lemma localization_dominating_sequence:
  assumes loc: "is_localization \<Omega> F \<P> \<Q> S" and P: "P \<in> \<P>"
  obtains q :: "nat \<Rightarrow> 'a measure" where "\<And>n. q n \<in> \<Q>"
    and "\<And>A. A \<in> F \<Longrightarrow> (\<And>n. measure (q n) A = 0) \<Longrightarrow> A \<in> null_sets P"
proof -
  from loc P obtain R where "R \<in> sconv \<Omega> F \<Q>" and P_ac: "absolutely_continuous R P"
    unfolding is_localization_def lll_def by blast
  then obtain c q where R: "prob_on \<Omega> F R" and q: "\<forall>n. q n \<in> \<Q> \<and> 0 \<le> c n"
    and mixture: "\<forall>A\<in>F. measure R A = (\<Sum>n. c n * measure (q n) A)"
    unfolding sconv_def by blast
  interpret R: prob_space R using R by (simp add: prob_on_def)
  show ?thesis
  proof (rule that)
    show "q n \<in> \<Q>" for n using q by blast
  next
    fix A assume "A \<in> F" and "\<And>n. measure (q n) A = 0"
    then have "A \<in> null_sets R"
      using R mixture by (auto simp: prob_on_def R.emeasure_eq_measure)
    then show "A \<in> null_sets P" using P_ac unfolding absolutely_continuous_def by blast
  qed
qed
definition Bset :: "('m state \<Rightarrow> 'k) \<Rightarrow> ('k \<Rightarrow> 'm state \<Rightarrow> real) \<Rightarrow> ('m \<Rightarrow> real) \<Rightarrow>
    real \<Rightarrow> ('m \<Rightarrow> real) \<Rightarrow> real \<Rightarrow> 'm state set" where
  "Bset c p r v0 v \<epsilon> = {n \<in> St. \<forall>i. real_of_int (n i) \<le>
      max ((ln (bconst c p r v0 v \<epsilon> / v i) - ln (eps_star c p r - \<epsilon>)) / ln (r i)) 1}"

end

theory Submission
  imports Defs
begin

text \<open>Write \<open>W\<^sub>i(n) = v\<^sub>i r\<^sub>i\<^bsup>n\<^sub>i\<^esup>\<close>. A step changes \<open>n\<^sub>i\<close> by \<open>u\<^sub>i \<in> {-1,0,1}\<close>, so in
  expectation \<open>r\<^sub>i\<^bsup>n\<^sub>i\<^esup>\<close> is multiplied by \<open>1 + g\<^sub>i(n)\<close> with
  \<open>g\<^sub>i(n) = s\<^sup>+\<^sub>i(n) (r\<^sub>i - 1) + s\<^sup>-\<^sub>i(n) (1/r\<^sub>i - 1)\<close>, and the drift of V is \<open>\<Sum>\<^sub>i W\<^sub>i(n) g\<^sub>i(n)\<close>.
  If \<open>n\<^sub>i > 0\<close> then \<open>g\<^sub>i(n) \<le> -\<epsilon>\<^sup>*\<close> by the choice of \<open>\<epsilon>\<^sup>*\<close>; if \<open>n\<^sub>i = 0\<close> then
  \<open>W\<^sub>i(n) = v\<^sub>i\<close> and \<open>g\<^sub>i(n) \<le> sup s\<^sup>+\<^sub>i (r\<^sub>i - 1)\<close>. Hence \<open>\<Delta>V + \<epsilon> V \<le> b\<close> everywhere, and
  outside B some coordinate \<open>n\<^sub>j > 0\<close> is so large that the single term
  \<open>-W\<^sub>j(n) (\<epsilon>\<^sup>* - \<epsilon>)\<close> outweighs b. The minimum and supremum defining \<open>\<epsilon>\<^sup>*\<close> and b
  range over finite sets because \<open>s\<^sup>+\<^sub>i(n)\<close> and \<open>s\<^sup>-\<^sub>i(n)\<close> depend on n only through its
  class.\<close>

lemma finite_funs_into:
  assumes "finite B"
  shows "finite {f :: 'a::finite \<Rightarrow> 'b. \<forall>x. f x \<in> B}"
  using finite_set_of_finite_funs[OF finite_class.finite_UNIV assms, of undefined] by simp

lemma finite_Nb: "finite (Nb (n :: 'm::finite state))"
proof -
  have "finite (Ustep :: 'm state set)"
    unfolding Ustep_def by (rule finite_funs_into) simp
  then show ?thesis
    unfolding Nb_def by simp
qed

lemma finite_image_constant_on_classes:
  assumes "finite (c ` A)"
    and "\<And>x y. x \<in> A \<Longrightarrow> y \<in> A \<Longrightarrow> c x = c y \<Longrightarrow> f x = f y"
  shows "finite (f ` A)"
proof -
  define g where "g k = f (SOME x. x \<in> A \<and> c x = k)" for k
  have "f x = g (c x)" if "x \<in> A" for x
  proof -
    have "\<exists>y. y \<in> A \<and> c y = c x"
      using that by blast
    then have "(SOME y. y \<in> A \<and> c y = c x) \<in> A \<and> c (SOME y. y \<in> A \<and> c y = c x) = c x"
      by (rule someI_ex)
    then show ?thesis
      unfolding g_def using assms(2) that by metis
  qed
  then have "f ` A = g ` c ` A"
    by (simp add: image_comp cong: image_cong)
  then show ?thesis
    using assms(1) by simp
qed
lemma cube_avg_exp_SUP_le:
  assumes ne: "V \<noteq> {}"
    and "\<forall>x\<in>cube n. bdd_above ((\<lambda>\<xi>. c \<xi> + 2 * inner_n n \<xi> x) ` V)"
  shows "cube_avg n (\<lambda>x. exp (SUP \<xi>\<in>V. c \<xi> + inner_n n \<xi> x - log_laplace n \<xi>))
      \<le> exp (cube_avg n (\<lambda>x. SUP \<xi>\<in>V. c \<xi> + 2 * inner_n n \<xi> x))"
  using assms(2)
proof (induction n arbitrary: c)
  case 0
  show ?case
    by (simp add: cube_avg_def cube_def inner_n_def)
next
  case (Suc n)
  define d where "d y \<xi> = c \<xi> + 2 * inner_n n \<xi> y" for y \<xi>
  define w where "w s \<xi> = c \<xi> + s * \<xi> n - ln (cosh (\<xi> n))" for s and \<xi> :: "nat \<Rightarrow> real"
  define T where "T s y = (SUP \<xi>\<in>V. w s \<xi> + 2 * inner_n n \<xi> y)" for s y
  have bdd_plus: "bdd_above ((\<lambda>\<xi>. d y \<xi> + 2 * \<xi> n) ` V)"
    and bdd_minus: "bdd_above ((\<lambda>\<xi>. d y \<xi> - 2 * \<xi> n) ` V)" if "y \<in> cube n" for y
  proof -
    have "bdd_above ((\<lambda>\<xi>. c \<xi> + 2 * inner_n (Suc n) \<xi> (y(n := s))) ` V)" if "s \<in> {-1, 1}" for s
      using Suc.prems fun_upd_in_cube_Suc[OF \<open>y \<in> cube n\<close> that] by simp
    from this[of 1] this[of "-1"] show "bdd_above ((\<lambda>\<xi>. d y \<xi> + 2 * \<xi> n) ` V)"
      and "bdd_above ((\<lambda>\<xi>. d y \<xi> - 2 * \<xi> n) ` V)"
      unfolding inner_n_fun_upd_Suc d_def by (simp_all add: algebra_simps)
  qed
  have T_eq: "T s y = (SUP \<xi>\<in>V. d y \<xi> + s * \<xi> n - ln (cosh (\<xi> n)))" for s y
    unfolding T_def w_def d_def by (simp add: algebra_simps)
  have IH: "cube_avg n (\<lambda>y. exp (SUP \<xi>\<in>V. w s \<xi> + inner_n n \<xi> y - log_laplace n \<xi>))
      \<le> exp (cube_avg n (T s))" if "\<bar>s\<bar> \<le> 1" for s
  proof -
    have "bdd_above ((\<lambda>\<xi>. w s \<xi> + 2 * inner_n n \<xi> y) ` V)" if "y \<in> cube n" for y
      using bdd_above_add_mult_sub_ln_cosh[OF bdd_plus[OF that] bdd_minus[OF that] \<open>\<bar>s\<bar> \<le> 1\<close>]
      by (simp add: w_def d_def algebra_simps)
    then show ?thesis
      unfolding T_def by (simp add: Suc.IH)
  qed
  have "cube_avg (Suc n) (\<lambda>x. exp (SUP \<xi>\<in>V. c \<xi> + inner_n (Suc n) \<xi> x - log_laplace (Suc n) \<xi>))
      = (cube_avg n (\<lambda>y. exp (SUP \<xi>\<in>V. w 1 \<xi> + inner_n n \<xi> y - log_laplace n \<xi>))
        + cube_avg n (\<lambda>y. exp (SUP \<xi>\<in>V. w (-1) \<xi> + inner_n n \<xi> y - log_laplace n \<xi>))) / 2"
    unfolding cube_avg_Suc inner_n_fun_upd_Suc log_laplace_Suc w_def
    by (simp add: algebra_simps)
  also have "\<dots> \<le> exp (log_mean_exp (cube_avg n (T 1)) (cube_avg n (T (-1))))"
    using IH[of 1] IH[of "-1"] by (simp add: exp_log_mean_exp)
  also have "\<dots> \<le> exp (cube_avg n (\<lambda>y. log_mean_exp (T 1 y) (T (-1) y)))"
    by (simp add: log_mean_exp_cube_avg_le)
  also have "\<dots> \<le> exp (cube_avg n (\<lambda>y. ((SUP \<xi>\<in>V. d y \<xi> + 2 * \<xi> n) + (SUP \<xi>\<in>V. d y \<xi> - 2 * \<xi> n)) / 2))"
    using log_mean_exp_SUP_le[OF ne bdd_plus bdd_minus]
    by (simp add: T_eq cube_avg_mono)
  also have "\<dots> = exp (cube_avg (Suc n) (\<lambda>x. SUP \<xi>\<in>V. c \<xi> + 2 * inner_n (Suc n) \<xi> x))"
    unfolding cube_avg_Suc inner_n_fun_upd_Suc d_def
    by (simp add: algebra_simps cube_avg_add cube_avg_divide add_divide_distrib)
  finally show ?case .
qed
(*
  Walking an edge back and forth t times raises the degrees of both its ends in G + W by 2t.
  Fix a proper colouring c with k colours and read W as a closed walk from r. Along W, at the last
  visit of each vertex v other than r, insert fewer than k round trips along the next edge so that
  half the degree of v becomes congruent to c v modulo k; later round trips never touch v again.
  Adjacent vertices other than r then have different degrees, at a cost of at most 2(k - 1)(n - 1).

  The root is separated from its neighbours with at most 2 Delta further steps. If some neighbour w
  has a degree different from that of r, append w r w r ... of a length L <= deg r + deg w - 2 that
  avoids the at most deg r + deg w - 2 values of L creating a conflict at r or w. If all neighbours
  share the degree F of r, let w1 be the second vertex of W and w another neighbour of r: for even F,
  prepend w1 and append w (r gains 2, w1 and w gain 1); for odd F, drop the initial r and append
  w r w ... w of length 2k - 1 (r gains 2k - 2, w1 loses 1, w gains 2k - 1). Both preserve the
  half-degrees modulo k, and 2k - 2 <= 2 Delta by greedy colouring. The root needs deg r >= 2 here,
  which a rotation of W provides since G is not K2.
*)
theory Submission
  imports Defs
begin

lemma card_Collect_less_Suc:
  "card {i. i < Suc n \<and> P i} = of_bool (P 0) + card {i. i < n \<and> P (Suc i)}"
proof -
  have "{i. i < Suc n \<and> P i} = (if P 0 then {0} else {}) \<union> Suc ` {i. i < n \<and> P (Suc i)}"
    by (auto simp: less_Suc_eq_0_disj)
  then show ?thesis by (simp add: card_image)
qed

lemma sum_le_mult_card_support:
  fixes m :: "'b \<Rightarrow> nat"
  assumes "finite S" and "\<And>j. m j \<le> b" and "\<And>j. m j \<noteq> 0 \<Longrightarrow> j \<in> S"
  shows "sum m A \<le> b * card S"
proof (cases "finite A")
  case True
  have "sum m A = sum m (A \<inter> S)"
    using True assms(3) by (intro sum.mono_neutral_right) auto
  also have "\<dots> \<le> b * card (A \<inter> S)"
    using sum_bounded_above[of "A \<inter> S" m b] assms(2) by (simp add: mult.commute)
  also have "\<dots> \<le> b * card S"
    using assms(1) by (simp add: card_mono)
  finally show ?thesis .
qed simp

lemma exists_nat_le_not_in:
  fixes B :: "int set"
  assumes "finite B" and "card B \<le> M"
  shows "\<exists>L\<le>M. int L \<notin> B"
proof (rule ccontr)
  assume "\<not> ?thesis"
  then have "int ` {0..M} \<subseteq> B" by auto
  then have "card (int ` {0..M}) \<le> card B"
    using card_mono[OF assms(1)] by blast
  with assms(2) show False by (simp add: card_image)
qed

——————

WHAT YOU WILL DO
In the listing above, start at the line with "using log_mean_exp_SUP_le[OF ne", go on through the line with "Walking an edge", and copy each of those lines exactly; leave out all the rest.

RESULT FOR THIS EXERCISE
    using log_mean_exp_SUP_le[OF ne bdd_plus bdd_minus]
    by (simp add: T_eq cube_avg_mono)
  also have "\<dots> = exp (cube_avg (Suc n) (\<lambda>x. SUP \<xi>\<in>V. c \<xi> + 2 * inner_n (Suc n) \<xi> x))"
    unfolding cube_avg_Suc inner_n_fun_upd_Suc d_def
    by (simp add: algebra_simps cube_avg_add cube_avg_divide add_divide_distrib)
  finally show ?case .
qed
(*
  Walking an edge back and forth t times raises the degrees of both its ends in G + W by 2t.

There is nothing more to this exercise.